YOUR OBJECTIVE: Would you please return every line from the listing that contains the word "auto"?

- - -

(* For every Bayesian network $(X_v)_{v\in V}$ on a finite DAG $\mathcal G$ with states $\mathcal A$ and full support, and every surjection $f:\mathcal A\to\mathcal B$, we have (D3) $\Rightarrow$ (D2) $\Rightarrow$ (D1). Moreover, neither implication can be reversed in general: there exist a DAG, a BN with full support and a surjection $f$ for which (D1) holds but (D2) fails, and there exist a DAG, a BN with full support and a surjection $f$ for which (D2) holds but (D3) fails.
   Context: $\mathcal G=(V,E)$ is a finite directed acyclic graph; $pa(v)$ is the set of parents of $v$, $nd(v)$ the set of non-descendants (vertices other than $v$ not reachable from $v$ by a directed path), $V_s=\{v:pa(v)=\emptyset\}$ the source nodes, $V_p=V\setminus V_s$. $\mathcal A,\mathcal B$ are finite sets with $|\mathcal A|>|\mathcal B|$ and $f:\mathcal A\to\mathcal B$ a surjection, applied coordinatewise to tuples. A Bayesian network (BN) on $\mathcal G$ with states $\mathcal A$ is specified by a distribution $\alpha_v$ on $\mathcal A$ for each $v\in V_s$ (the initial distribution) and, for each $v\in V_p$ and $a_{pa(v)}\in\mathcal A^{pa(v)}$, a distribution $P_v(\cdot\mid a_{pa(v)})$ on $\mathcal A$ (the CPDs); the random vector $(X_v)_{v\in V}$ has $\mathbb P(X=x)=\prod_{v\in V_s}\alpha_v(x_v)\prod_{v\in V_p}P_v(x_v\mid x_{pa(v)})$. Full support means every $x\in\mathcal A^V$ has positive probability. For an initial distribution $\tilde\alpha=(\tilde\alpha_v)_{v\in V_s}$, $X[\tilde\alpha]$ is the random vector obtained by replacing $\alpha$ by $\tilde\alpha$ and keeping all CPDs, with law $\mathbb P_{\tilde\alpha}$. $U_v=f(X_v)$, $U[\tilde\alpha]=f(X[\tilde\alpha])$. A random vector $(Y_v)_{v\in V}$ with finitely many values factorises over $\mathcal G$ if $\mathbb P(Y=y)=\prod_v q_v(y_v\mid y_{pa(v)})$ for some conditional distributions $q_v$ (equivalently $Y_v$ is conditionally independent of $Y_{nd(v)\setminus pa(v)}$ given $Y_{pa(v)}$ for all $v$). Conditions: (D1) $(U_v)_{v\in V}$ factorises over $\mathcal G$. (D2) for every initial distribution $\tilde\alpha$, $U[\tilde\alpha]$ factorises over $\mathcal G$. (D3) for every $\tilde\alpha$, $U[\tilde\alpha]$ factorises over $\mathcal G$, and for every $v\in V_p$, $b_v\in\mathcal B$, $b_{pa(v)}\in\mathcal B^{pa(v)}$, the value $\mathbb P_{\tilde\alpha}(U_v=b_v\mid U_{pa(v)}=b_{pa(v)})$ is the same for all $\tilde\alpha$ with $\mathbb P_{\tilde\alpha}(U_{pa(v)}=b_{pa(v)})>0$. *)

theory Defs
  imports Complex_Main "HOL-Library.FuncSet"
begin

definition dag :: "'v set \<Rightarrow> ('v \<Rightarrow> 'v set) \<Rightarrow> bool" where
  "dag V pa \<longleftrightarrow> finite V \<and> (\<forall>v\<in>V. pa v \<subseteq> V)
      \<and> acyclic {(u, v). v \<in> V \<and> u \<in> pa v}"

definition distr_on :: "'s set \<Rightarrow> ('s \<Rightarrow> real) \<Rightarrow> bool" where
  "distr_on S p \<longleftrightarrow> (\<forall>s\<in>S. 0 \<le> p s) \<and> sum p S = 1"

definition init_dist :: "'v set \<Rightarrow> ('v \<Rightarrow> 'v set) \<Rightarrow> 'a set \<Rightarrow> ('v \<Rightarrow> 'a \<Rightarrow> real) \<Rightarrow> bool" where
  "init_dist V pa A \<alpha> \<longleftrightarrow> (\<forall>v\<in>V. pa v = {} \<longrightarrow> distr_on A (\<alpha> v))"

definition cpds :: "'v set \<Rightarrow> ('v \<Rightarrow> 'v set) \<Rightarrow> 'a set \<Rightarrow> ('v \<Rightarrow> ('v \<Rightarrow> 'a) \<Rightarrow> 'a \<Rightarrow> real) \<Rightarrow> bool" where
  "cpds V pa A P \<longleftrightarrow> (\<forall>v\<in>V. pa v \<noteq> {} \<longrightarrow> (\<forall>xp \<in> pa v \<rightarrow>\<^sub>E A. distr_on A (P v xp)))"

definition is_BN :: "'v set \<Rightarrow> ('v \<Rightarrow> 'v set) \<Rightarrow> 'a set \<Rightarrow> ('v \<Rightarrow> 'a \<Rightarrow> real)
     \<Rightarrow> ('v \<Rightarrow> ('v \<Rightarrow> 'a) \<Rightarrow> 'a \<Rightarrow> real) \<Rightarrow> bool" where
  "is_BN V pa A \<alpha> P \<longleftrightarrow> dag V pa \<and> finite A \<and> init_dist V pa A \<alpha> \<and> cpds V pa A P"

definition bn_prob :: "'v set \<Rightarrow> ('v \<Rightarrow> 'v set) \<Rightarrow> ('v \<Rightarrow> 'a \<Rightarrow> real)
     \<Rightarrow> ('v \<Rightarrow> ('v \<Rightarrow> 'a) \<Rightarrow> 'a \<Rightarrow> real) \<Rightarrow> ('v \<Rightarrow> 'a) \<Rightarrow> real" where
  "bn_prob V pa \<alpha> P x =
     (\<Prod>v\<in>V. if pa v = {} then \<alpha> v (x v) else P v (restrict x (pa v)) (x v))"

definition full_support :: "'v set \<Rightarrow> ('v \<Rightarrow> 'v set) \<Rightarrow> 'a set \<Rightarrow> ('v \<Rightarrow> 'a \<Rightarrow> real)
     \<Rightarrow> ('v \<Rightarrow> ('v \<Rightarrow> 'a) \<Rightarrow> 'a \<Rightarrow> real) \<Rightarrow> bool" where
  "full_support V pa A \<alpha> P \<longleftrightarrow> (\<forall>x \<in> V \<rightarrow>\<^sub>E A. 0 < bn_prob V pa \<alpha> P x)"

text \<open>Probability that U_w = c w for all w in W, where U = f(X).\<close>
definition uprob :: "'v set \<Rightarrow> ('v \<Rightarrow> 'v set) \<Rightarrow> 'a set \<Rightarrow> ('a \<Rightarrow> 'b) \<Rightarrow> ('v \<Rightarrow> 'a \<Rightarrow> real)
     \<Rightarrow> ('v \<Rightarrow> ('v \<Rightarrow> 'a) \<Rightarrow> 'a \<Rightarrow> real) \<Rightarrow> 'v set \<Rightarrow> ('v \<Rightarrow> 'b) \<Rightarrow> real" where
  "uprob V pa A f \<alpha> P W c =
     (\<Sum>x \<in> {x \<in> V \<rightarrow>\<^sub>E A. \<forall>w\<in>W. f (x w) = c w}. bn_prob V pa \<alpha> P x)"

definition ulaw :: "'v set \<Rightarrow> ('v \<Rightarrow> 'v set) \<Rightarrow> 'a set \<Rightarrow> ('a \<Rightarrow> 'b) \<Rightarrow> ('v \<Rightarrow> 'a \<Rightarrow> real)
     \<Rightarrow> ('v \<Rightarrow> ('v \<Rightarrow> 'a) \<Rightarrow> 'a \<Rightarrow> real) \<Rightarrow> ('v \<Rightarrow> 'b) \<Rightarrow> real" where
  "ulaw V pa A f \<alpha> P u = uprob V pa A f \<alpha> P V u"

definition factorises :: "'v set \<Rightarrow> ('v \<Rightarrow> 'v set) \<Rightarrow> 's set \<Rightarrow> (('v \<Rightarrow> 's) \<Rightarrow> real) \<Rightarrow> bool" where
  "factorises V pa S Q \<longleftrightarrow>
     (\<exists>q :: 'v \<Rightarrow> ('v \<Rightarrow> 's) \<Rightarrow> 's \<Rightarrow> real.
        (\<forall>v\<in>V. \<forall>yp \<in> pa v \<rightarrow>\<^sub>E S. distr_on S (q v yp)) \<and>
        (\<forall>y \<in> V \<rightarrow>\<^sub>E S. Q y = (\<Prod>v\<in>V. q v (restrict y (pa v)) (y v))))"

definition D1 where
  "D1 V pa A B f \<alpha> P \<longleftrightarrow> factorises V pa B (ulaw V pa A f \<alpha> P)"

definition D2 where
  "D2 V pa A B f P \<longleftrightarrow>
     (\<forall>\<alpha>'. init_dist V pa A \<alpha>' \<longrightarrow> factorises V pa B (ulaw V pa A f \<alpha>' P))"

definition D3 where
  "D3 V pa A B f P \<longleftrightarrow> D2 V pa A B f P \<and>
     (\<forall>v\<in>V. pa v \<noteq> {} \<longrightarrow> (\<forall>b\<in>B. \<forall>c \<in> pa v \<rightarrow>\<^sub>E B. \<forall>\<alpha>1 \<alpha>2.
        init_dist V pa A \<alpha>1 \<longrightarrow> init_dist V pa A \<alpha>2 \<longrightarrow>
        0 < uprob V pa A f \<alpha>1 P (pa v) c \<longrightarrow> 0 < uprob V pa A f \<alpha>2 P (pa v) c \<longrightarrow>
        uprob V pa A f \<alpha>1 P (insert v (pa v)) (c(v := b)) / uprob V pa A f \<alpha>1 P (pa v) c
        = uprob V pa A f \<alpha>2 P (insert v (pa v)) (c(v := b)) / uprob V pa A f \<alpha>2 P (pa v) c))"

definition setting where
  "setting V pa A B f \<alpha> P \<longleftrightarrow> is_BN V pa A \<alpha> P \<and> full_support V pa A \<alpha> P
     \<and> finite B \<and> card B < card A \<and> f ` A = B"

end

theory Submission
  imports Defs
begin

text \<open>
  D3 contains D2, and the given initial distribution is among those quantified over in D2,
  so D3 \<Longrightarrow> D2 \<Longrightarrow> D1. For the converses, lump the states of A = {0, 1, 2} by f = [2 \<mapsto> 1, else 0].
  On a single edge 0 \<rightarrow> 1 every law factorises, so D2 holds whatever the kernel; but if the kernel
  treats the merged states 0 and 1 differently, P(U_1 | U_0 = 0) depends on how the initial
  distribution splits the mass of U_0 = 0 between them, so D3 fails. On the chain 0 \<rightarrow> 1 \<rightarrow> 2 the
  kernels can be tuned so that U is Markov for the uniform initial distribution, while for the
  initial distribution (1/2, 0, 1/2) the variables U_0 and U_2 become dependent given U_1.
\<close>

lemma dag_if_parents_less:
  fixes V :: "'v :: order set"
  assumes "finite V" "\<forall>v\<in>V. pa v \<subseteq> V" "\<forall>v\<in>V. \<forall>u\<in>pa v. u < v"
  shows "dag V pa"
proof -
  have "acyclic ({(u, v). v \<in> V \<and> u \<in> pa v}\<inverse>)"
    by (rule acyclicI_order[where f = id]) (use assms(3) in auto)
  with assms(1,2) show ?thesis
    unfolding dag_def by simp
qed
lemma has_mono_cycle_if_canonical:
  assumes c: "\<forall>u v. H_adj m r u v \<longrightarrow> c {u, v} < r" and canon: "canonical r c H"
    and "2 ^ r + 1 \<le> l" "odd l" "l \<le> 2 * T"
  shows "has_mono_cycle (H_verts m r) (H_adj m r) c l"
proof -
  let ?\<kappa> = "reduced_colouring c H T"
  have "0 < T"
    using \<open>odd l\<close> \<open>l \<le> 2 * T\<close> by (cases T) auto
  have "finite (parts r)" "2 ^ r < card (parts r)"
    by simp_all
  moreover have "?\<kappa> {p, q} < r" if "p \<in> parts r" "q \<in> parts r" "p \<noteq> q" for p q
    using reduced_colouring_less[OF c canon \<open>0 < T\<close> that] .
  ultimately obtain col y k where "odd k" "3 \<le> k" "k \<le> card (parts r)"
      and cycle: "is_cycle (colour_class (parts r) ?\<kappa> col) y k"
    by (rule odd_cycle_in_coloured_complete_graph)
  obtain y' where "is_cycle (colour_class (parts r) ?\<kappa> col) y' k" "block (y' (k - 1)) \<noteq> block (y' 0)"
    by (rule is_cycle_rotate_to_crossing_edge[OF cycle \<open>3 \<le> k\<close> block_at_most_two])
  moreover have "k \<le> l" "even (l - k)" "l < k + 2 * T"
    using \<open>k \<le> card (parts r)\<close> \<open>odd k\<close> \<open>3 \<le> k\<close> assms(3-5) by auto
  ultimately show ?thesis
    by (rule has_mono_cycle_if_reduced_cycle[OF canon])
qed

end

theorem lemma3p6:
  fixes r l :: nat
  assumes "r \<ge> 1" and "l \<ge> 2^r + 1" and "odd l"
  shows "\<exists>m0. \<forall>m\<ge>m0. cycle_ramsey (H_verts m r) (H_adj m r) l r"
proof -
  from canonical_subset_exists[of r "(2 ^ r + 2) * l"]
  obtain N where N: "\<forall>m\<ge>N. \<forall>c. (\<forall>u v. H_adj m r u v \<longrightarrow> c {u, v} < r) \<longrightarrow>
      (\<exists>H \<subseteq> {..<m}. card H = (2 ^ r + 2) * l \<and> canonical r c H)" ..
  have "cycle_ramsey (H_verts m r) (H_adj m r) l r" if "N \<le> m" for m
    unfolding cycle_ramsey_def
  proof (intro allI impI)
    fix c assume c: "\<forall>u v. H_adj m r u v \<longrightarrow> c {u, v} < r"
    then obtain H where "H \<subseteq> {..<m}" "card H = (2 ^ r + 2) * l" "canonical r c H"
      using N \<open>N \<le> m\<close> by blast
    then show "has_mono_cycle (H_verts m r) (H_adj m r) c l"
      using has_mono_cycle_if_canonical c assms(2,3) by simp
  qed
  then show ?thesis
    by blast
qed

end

- - -

RESPONSE TO THE EXERCISE:
    by (rule acyclicI_order[where f = id]) (use assms(3) in auto)
    using \<open>odd l\<close> \<open>l \<le> 2 * T\<close> by (cases T) auto
    using \<open>k \<le> card (parts r)\<close> \<open>odd k\<close> \<open>3 \<le> k\<close> assms(3-5) by auto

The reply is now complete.